(* Let $P$ be a poset (regarded as a category) with a partial model structure $(\mathcal{W},\mathcal{U},\mathcal{V})$, and let $Q$ be a connected component of $\mathcal{W}$ that contains a maximal map $f\colon a\to b$ (i.e. there are no non-identity morphisms $z\to a$ or $b\to z$ in $Q$). Then $Q$ contains an object $c$ such that for every $x\in Q$ the product $c\times x$ and the coproduct $c\cup x$ exist in $P$ and lie in $Q$. Consequently $Q$ is contractible.
   Context: A homotopical category $(\mathcal{C},\mathcal{W})$ is a category $\mathcal{C}$ with a subcategory $\mathcal{W}$ containing all objects and satisfying 2-out-of-6: if $h\circ g$ and $g\circ f$ are in $\mathcal{W}$ then so are $f,g,h,h\circ g\circ f$. A partial model category is a homotopical category $(\mathcal{C},\mathcal{W})$ together with subcategories $\mathcal{U},\mathcal{V}\subseteq\mathcal{W}$ such that (i) pushouts of morphisms of $\mathcal{U}$ along arbitrary morphisms of $\mathcal{C}$ exist and lie in $\mathcal{U}$, and pullbacks of morphisms of $\mathcal{V}$ along arbitrary morphisms exist and lie in $\mathcal{V}$; (ii) the morphisms of $\mathcal{W}$ admit a functorial factorization as a morphism of $\mathcal{U}$ followed by a morphism of $\mathcal{V}$. A connected component is a maximal connected full subcategory (objects joined by zigzags). In a poset, $c\times x$ and $c\cup x$ are the greatest lower and least upper bounds. Contractible means the classifying space of the nerve is contractible. *)

theory Defs
  imports "HOL-Analysis.Analysis"
begin
lemma edual_curv_Xb:
  assumes "c \<in> {8, 9, 10}" "i \<in> {1..7}" "j \<in> {1..7}"
  shows "edual c (curv (Xb y1 y2 y3 i) (Xb y1 y2 y3 j)) =
    - (1 / sqrt (yval y1 y2 y3 i) * (1 / sqrt (yval y1 y2 y3 j))) * edual c (brk (ebasis i) (ebasis j))"
proof -
  have "edual c (curv (Xb y1 y2 y3 i) (Xb y1 y2 y3 j)) = - edual c (alpha (brk (Xb y1 y2 y3 i) (Xb y1 y2 y3 j)))"
    unfolding curv_def alpha_Xb[OF assms(2)] alpha_Xb[OF assms(3)] brk_zero
    unfolding edual_def Qform_msub by (simp add: Qform_def)
  also have "\<dots> = - edual c (brk (Xb y1 y2 y3 i) (Xb y1 y2 y3 j))"
    using edual_alpha[OF assms(1)] by simp
  also have "\<dots> = - (1 / sqrt (yval y1 y2 y3 i) * (1 / sqrt (yval y1 y2 y3 j))) * edual c (brk (ebasis i) (ebasis j))"
    unfolding Xb_def brk_mscale edual_def Qform_mscale by simp
  finally show ?thesis .
qed

lemma inv_sqrt_yval_product:
  assumes "y2 > 0" "y3 = y2" "i \<in> {2..7}" "j \<in> {2..7}"
  shows "1 / sqrt (yval y1 y2 y3 i) * (1 / sqrt (yval y1 y2 y3 j)) = 1 / y2"
  using assms by (simp add: yval_def divide_simps)

lemma Fcomp_eq_self_dual_form:
  assumes "y2 > 0" "y3 = y2"
  shows "Fcomp y1 y2 y3 8 = (\<lambda>K. (1 / y2) * self_dual_form 2 3 K)"
    and "Fcomp y1 y2 y3 9 = (\<lambda>K. (1 / y2) * self_dual_form 2 4 K)"
    and "Fcomp y1 y2 y3 10 = (\<lambda>K. (- 1 / y2) * self_dual_form 3 4 K)"
proof -
  have Fcomp_form2: "Fcomp y1 y2 y3 c = form2 (\<lambda>i j.
      - (1 / sqrt (yval y1 y2 y3 i) * (1 / sqrt (yval y1 y2 y3 j))) * edual c (brk (ebasis i) (ebasis j)))"
    if "c \<in> {8, 9, 10}" for c
    unfolding Fcomp_def by (rule form2_cong) (use edual_curv_Xb that in auto)
  \<comment> \<open>Pairs involving \<open>X\<^sub>1\<close> drop out: \<open>[e\<^sub>1, e\<^sub>j]\<close> has no \<open>\<mathfrak>so(3)\<close> component.\<close>
  note scale = inv_sqrt_yval_product[OF assms]
  show "Fcomp y1 y2 y3 8 = (\<lambda>K. (1 / y2) * self_dual_form 2 3 K)"
    unfolding Fcomp_form2[of 8, simplified] self_dual_form_eq_form2[of 2 3, simplified]
    by (rule form2_cong) (use edual_brk_ebasis(2) scale in auto)
  show "Fcomp y1 y2 y3 9 = (\<lambda>K. (1 / y2) * self_dual_form 2 4 K)"
    unfolding Fcomp_form2[of 9, simplified] self_dual_form_eq_form2[of 2 4, simplified]
    by (rule form2_cong) (use edual_brk_ebasis(3) scale in auto)
  show "Fcomp y1 y2 y3 10 = (\<lambda>K. (- 1 / y2) * self_dual_form 3 4 K)"
    unfolding Fcomp_form2[of 10, simplified] self_dual_form_eq_form2[of 3 4, simplified]
    by (rule form2_cong) (use edual_brk_ebasis(4) scale in auto)
qed

lemma omega_eq_omega_std:
  assumes "y2 > 0" "y3 = y2" "y1 = 4 * y2 ^ 2"
  shows "omega y1 y2 y3 = omega_std"
  unfolding omega_def omega_std_eq_form2
proof (rule form2_cong)
  fix i j :: nat
  assume ij: "i \<in> {1..7}" "j \<in> {1..7}" "i < j"
  have "sqrt y1 = 2 * y2"
    using assms by (simp add: real_sqrt_mult)
  moreover have "eta_fun y1 (brk (Xb y1 y2 y3 i) (Xb y1 y2 y3 j)) =
      sqrt y1 * (1 / sqrt (yval y1 y2 y3 i) * (1 / sqrt (yval y1 y2 y3 j))) * edual 1 (brk (ebasis i) (ebasis j))"
    unfolding eta_fun_def Xb_def brk_mscale edual_def Qform_mscale by simp
  ultimately show "- (1 / 2) * eta_fun y1 (brk (Xb y1 y2 y3 i) (Xb y1 y2 y3 j)) =
      (if i = 2 \<and> j = 5 then 1 else 0) + (if i = 3 \<and> j = 6 then 1 else 0) + (if i = 4 \<and> j = 7 then 1 else 0)"
    using edual_brk_ebasis(1) inv_sqrt_yval_product[OF assms(1,2)] ij assms(1) by auto
qed

theorem corollary4p7:
  fixes y1 y2 y3 :: real
  assumes "y2 > 0" and "y3 = y2" and "y1 = 4 * y2 ^ 2"
  shows "\<forall>c\<in>{8, 9, 10::nat}.
           hodge (wedge (wedge (Fcomp y1 y2 y3 c) eta) (omega y1 y2 y3)) = Fcomp y1 y2 y3 c"
  unfolding ball_simps Fcomp_eq_self_dual_form[OF assms(1,2)] omega_eq_omega_std[OF assms]
  by (intro conjI TrueI self_dual_form_self_dual) auto

end
lemma appt_cost_le:
  assumes "\<tau> ` {1..<n} \<subseteq> K" "inj_on \<tau> {1..<n}" "1 \<le> n" "0 \<le> \<omega>" "\<omega> \<le> 1" "0 < \<alpha>"
    and mean_pos: "\<And>i. 1 \<le> i \<Longrightarrow> i < n \<Longrightarrow> 0 < expectation (B (\<tau> i))"
    and mean_mono: "\<And>i. 1 \<le> i \<Longrightarrow> Suc i < n \<Longrightarrow> expectation (B (\<tau> i)) \<le> expectation (B (\<tau> (Suc i)))"
    and variance_le: "\<And>i. 1 \<le> i \<Longrightarrow> i < n \<Longrightarrow>
      variance (B (\<tau> i)) \<le> 2 * \<omega> * \<alpha>\<^sup>2 * (expectation (B (\<tau> i)))\<^sup>2"
  shows "appt_cost M n B \<tau> (\<lambda>j. (1 + \<alpha>) * expectation (B j)) \<omega>
    \<le> 2 * \<omega> * \<alpha> * (\<Sum>i=1..n-1. expectation (B (\<tau> i)))"
proof -
  define x where "x j = (1 + \<alpha>) * expectation (B j)" for j
  define \<mu> where "\<mu> i = expectation (B (\<tau> i))" for i
  define w where "w i = expectation (wait_time \<tau> x i)" for i
  define q where "q i = expectation (\<lambda>y. (wait_time \<tau> x i y)\<^sup>2)" for i
  have descent: "q (Suc i) \<le> q i + 2 * \<omega> * \<alpha>\<^sup>2 * (\<mu> i)\<^sup>2 - 2 * \<alpha> * \<mu> i * w (Suc i)"
    if "1 \<le> i" "i \<le> n - 1" for i
  proof -
    have "{1..i} \<subseteq> {1..<n}" "{1..<i} \<subseteq> {1..<n}"
      using that by auto
    then have "\<tau> ` {1..i} \<subseteq> K" "inj_on \<tau> {1..i}" "\<tau> ` {1..<i} \<subseteq> K" "inj_on \<tau> {1..<i}"
      using assms(1,2) by (blast dest: image_mono intro: inj_on_subset)+
    from second_moment_wait_Suc [OF this(1,2) that(1) square_integrable_wait [OF this(3,4)]]
    have "q (Suc i) \<le> q i + variance (B (\<tau> i)) - 2 * (x (\<tau> i) - \<mu> i) * w (Suc i)"
      unfolding q_def w_def \<mu>_def by simp
    moreover have "variance (B (\<tau> i)) \<le> 2 * \<omega> * \<alpha>\<^sup>2 * (\<mu> i)\<^sup>2"
      using variance_le [of i] that unfolding \<mu>_def by simp
    ultimately show ?thesis
      unfolding x_def \<mu>_def by (simp add: algebra_simps)
  qed
  have wait_sum: "(\<Sum>i=1..n-1. w (Suc i)) \<le> \<omega> * \<alpha> * (\<Sum>i=1..n-1. \<mu> i)"
  proof (rule sum_le_of_descent [where w = w and q = q and \<mu> = \<mu>, OF \<open>0 < \<alpha>\<close> _ _ _ _ descent])
    show "q 1 = 0" "0 \<le> q i" for i
      unfolding q_def by simp_all
  qed (use assms(3) mean_pos mean_mono in \<open>auto simp: \<mu>_def\<close>)
  have "w n \<le> (\<Sum>i=1..n-1. w (Suc i))"
    using assms(3) member_le_sum [of "n - 1" "{1..n-1}" "\<lambda>i. w (Suc i)"]
    by (cases "n = 1") (simp_all add: w_def appt_wait_nonneg)
  have "appt_cost M n B \<tau> x \<omega>
      = \<omega> * w n + \<omega> * \<alpha> * (\<Sum>i=1..n-1. \<mu> i) + (1 - \<omega>) * (\<Sum>i=1..n-1. w (Suc i))"
  proof -
    have "(\<Sum>i=1..n-1. x (\<tau> i) - \<mu> i) = \<alpha> * (\<Sum>i=1..n-1. \<mu> i)"
      unfolding x_def \<mu>_def by (simp add: sum_distrib_left algebra_simps)
    then show ?thesis
      using appt_cost_eq [OF assms(1-3), of x \<omega>] unfolding w_def \<mu>_def
      by (simp del: appt_wait.simps appt_idle.simps add: algebra_simps)
  qed
  also have "\<dots> \<le> \<omega> * (\<Sum>i=1..n-1. w (Suc i)) + \<omega> * \<alpha> * (\<Sum>i=1..n-1. \<mu> i)
      + (1 - \<omega>) * (\<Sum>i=1..n-1. w (Suc i))"
    using \<open>w n \<le> (\<Sum>i=1..n-1. w (Suc i))\<close> assms(4) by (simp add: mult_left_mono)
  also have "\<dots> = (\<Sum>i=1..n-1. w (Suc i)) + \<omega> * \<alpha> * (\<Sum>i=1..n-1. \<mu> i)"
    by (simp add: algebra_simps)
  also have "\<dots> \<le> 2 * \<omega> * \<alpha> * (\<Sum>i=1..n-1. \<mu> i)"
    using wait_sum by (simp add: algebra_simps)
  finally show ?thesis
    unfolding x_def \<mu>_def .
qed

end

theorem propositionC1:
  fixes M :: "'a measure" and n :: nat and \<omega> :: real
    and B :: "nat \<Rightarrow> 'a \<Rightarrow> real" and m s :: "nat \<Rightarrow> real"
  assumes "prob_space M"
    and "n \<ge> 2"
    and "0 < \<omega>" and "\<omega> < 1"
    and "prob_space.indep_vars M (\<lambda>_. borel) B {1..n}"
    and "\<And>i. i \<in> {1..n} \<Longrightarrow> lognormal_rv M (B i) (m i) (s i)"
    and "\<And>i j. 1 \<le> i \<Longrightarrow> i \<le> j \<Longrightarrow> j \<le> n \<Longrightarrow> m i \<le> m j"
    and "\<And>i j. 1 \<le> i \<Longrightarrow> i \<le> j \<Longrightarrow> j \<le> n \<Longrightarrow> (s i)\<^sup>2 \<le> (s j)\<^sup>2"
  shows "let \<alpha> = 1 / sqrt (2 * \<omega>) * sqrt (exp ((s (n - 1))\<^sup>2) - 1);
             \<mu> = (\<lambda>i. integral\<^sup>L M (B i))
         in appt_cost M n B id (\<lambda>i. (1 + \<alpha>) * \<mu> i) \<omega>
            \<le> 2 * \<omega> * \<alpha> * (\<Sum>i=1..n-1. exp (m i + (s i)\<^sup>2 / 2))"
proof -
  have "appointment_model M B {1..n}"
    using assms(1,5) lognormal_moments(2) [OF assms(6)]
    by (simp add: appointment_model_def appointment_model_axioms_def)
  then interpret appointment_model M B "{1..n}" .
  define \<alpha> where "\<alpha> = 1 / sqrt (2 * \<omega>) * sqrt (exp ((s (n - 1))\<^sup>2) - 1)"
  have mean: "expectation (B i) = exp (m i + (s i)\<^sup>2 / 2)" if "i \<in> {1..n}" for i
    using lognormal_moments(3) [OF assms(6) [OF that]] .
  have "0 < s (n - 1)"
    using assms(2,6) unfolding lognormal_rv_def by auto
  then have "0 < \<alpha>" and \<alpha>_sq: "2 * \<omega> * \<alpha>\<^sup>2 = exp ((s (n - 1))\<^sup>2) - 1"
    using assms(3) unfolding \<alpha>_def by (simp_all add: power_mult_distrib power_divide)
  have "appt_cost M n B id (\<lambda>j. (1 + \<alpha>) * expectation (B j)) \<omega>
      \<le> 2 * \<omega> * \<alpha> * (\<Sum>i=1..n-1. expectation (B (id i)))"
  proof (rule appt_cost_le)
    show "expectation (B (id i)) \<le> expectation (B (id (Suc i)))" if "1 \<le> i" "Suc i < n" for i
      using that assms(7,8) [of i "Suc i"] by (simp add: mean)
    show "variance (B (id i)) \<le> 2 * \<omega> * \<alpha>\<^sup>2 * (expectation (B (id i)))\<^sup>2" if "1 \<le> i" "i < n" for i
      using lognormal_variance_le [OF assms(6), of i "(s (n - 1))\<^sup>2"] that assms(8) [of i "n - 1"]
      unfolding \<alpha>_sq by (simp add: mult.commute)
  qed (use assms(2-4) \<open>0 < \<alpha>\<close> in \<open>auto simp: mean\<close>)
  moreover have "(\<Sum>i=1..n-1. expectation (B (id i))) = (\<Sum>i=1..n-1. exp (m i + (s i)\<^sup>2 / 2))"
    using assms(2) by (intro sum.cong) (auto simp: mean)
  ultimately show ?thesis
    unfolding Let_def \<alpha>_def [symmetric] by simp
qed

● ● ● ● ● ● ●

▸ **To do**:
From the entries above, give again exactly the lines running from the line with "using \<open>w n" to the line with "using lognormal_moments(3) [OF"; include both of those lines.

▸ **Your response**:
    using \<open>w n \<le> (\<Sum>i=1..n-1. w (Suc i))\<close> assms(4) by (simp add: mult_left_mono)
  also have "\<dots> = (\<Sum>i=1..n-1. w (Suc i)) + \<omega> * \<alpha> * (\<Sum>i=1..n-1. \<mu> i)"
    by (simp add: algebra_simps)
  also have "\<dots> \<le> 2 * \<omega> * \<alpha> * (\<Sum>i=1..n-1. \<mu> i)"
    using wait_sum by (simp add: algebra_simps)
  finally show ?thesis
    unfolding x_def \<mu>_def .
qed

end

theorem propositionC1:
  fixes M :: "'a measure" and n :: nat and \<omega> :: real
    and B :: "nat \<Rightarrow> 'a \<Rightarrow> real" and m s :: "nat \<Rightarrow> real"
  assumes "prob_space M"
    and "n \<ge> 2"
    and "0 < \<omega>" and "\<omega> < 1"
    and "prob_space.indep_vars M (\<lambda>_. borel) B {1..n}"
    and "\<And>i. i \<in> {1..n} \<Longrightarrow> lognormal_rv M (B i) (m i) (s i)"
    and "\<And>i j. 1 \<le> i \<Longrightarrow> i \<le> j \<Longrightarrow> j \<le> n \<Longrightarrow> m i \<le> m j"
    and "\<And>i j. 1 \<le> i \<Longrightarrow> i \<le> j \<Longrightarrow> j \<le> n \<Longrightarrow> (s i)\<^sup>2 \<le> (s j)\<^sup>2"
  shows "let \<alpha> = 1 / sqrt (2 * \<omega>) * sqrt (exp ((s (n - 1))\<^sup>2) - 1);
             \<mu> = (\<lambda>i. integral\<^sup>L M (B i))
         in appt_cost M n B id (\<lambda>i. (1 + \<alpha>) * \<mu> i) \<omega>
            \<le> 2 * \<omega> * \<alpha> * (\<Sum>i=1..n-1. exp (m i + (s i)\<^sup>2 / 2))"
proof -
  have "appointment_model M B {1..n}"
    using assms(1,5) lognormal_moments(2) [OF assms(6)]
    by (simp add: appointment_model_def appointment_model_axioms_def)
  then interpret appointment_model M B "{1..n}" .
  define \<alpha> where "\<alpha> = 1 / sqrt (2 * \<omega>) * sqrt (exp ((s (n - 1))\<^sup>2) - 1)"
  have mean: "expectation (B i) = exp (m i + (s i)\<^sup>2 / 2)" if "i \<in> {1..n}" for i
    using lognormal_moments(3) [OF assms(6) [OF that]] .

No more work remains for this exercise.